The man steps further into the kitchen and bends down over Deqo; he smiles and reveals two gold canines. ‘Pretty girl,’ he says, catching her nose between his tobacco-stained fingers.

  ‘You’re in perfect health, aren’t you, Deqo?’ Nasra gently pulls him away from her.

  Deqo nods shyly.

  ‘Let’s talk in my room,’ Nasra says, leading the visitor out of the kitchen.

  ‘Oh, you’re set for the chopping board, little one,’ chuckles China.

  ‘What do you mean?’

  ‘You’ll soon find out.’ China takes Nuh from her and walks back to her room with a flask of tea.

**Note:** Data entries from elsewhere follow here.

(* For all integers $r \geq 3$ and $k \geq 3$, we have $s_r(K_k) \geq s_{r-1}(K_k)$.
   Context: All graphs are finite and simple. For graphs $G,H$ and an integer $r\ge 1$, write $G \rightarrow (H)_r$ if every colouring of the edges of $G$ with $r$ colours contains a monochromatic copy of $H$. A graph $G$ is $r$-Ramsey-minimal for $H$ if $G \rightarrow (H)_r$ but no proper subgraph $G'\subsetneq G$ satisfies $G' \rightarrow (H)_r$. Define $s_r(H) := \min \delta(G)$ over all graphs $G$ that are $r$-Ramsey-minimal for $H$, where $\delta$ denotes minimum degree. *)

theory Defs
  imports Main
begin

text \<open>A finite simple graph on natural-number vertices: a pair (V, E) with V finite and
E a set of 2-element subsets of V. Every finite graph is isomorphic to such a graph,
so the minimum in s_r ranges over all graphs up to isomorphism.\<close>

type_synonym graph = "nat set \<times> nat set set"

definition verts :: "graph \<Rightarrow> nat set" where "verts G = fst G"
definition edges :: "graph \<Rightarrow> nat set set" where "edges G = snd G"

definition is_graph :: "graph \<Rightarrow> bool" where
  "is_graph G \<longleftrightarrow> finite (verts G) \<and> (\<forall>e\<in>edges G. card e = 2 \<and> e \<subseteq> verts G)"

definition subgraph :: "graph \<Rightarrow> graph \<Rightarrow> bool" where
  "subgraph G' G \<longleftrightarrow> is_graph G' \<and> verts G' \<subseteq> verts G \<and> edges G' \<subseteq> edges G"

definition degree :: "graph \<Rightarrow> nat \<Rightarrow> nat" where
  "degree G v = card {e \<in> edges G. v \<in> e}"

definition min_degree :: "graph \<Rightarrow> nat" where
  "min_degree G = Min (degree G ` verts G)"

definition complete_graph :: "nat \<Rightarrow> graph" where
  "complete_graph k = ({0..<k}, {e. e \<subseteq> {0..<k} \<and> card e = 2})"

definition mono_copy :: "graph \<Rightarrow> graph \<Rightarrow> (nat set \<Rightarrow> nat) \<Rightarrow> nat \<Rightarrow> bool" where
  "mono_copy H G c i \<longleftrightarrow> (\<exists>f. inj_on f (verts H) \<and> f ` verts H \<subseteq> verts G \<and>
      (\<forall>e\<in>edges H. f ` e \<in> edges G \<and> c (f ` e) = i))"

definition arrows :: "graph \<Rightarrow> graph \<Rightarrow> nat \<Rightarrow> bool" where
  "arrows G H r \<longleftrightarrow> (\<forall>c. (\<forall>e\<in>edges G. c e < r) \<longrightarrow> (\<exists>i<r. mono_copy H G c i))"

definition ramsey_minimal :: "nat \<Rightarrow> graph \<Rightarrow> graph \<Rightarrow> bool" where
  "ramsey_minimal r H G \<longleftrightarrow> is_graph G \<and> arrows G H r \<and>
     (\<forall>G'. subgraph G' G \<and> G' \<noteq> G \<longrightarrow> \<not> arrows G' H r)"

definition s_r :: "nat \<Rightarrow> graph \<Rightarrow> nat" where
  "s_r r H = (LEAST d. d \<in> min_degree ` {G. ramsey_minimal r H G})"

end

theory Submission
  imports Defs "HOL-Library.Ramsey"
begin

text \<open>Let G be r-Ramsey-minimal for H with \<delta>(G) = s_r(H), and let v be a vertex of minimum
degree. By minimality G - v has an r-colouring c without a monochromatic H. Keep all edges at v
together with the edges of G - v coloured below r - 1: this spanning subgraph arrows H with
r - 1 colours, because any (r - 1)-colouring of it extends, by c, to an r-colouring of G whose
monochromatic copy cannot have the last colour. An (r - 1)-Ramsey-minimal subgraph of it must
use an edge at v, since otherwise c itself would colour it with r - 1 colours; hence its minimum
degree is at most deg v = s_r(H).\<close>

definition del_vertex :: "graph \<Rightarrow> nat \<Rightarrow> graph" where
  "del_vertex G v = (verts G - {v}, {e \<in> edges G. v \<notin> e})"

  Deqo shoves the chick into her skirt pocket and stands beside Nasra’s door, but she cannot hear the conversation no matter how hard she presses her ear to the wall. Deqo goes back to the kitchen, telling herself to not be so suspicious; Nasra wouldn’t let anyone hurt her.

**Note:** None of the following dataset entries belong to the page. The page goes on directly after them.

lemma wedge_product_bound:
  fixes \<rho> D \<delta> \<alpha> n A :: real
  assumes "0 < n" "0 \<le> \<rho>" "\<rho>^2 \<le> n^2 / 2" "0 \<le> \<delta>" "\<delta> \<le> \<alpha> / sqrt n" "\<bar>A\<bar> \<le> D"
  shows "\<bar>A * (\<rho> * (1 - cos \<delta>))\<bar> \<le> D * \<alpha>^2 / (2 * sqrt 2)"
proof -
  have "\<rho> \<le> n / sqrt 2"
    using assms(1-3) real_sqrt_le_mono[of "\<rho>^2" "n^2 / 2"] by (simp add: real_sqrt_divide)
  have "\<delta>^2 \<le> \<alpha>^2 / n"
    using assms(1,4,5) power_mono[of \<delta> "\<alpha> / sqrt n" 2] by (simp add: power_divide)
  have "0 \<le> \<rho> * (1 - cos \<delta>)"
    using assms(2) by simp
  moreover have "\<rho> * (1 - cos \<delta>) \<le> (n / sqrt 2) * (\<alpha>^2 / n / 2)"
    using \<open>\<rho> \<le> n / sqrt 2\<close> \<open>\<delta>^2 \<le> \<alpha>^2 / n\<close> one_minus_cos_le[of \<delta>] assms(2)
    by (intro mult_mono) auto
  moreover have "(n / sqrt 2) * (\<alpha>^2 / n / 2) = \<alpha>^2 / (2 * sqrt 2)"
    using \<open>0 < n\<close> by simp
  ultimately have "\<bar>A\<bar> * (\<rho> * (1 - cos \<delta>)) \<le> D * (\<alpha>^2 / (2 * sqrt 2))"
    using assms(6) by (intro mult_mono) auto
  then show ?thesis
    using assms(2) by (simp add: abs_mult)
qed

  The new year brings new customers – soldiers and plenty of them; the man who jumped into the courtyard returns nearly every night and brings his comrades with him. The house of women has become the house of men, and even Stalin seems humbled. Unhindered by the curfew, they arrive at midnight and leave before dawn, but by that time the bungalow is in chaos, with displaced cups and glasses everywhere, broken plates thrown into the kitchen, cigarette butts and empty bottles littering the courtyard, washing pulled from the line and trampled, urine all over the toilet floor.

  The women sleep all day, exhausted, while Deqo cleans. The old customers do not come, afraid of the soldiers, and she misses their neatness. It is hard to sleep when there is music all night and footsteps a few inches from her head, but it is their voices that really bother her: why do men speak so loudly? They shout rather than talk and laugh like the world needs to know they are laughing. She covers her ears while they boast about how the city is theirs, how they can do what they like and no one says anything, and as if to prove that, one of the young conscripts likes to run into the kitchen, pull up her skirt and then escape while the others guffaw. They declare each week that planes and artillery and bulldozers are on their way to Hargeisa, but Deqo never sees them. The chick, now named Malab after her honey-coloured new feathers, has also come under threat from a strange young soldier with a shaven head, who tries to stamp on her if she leaves the safety of the kitchen.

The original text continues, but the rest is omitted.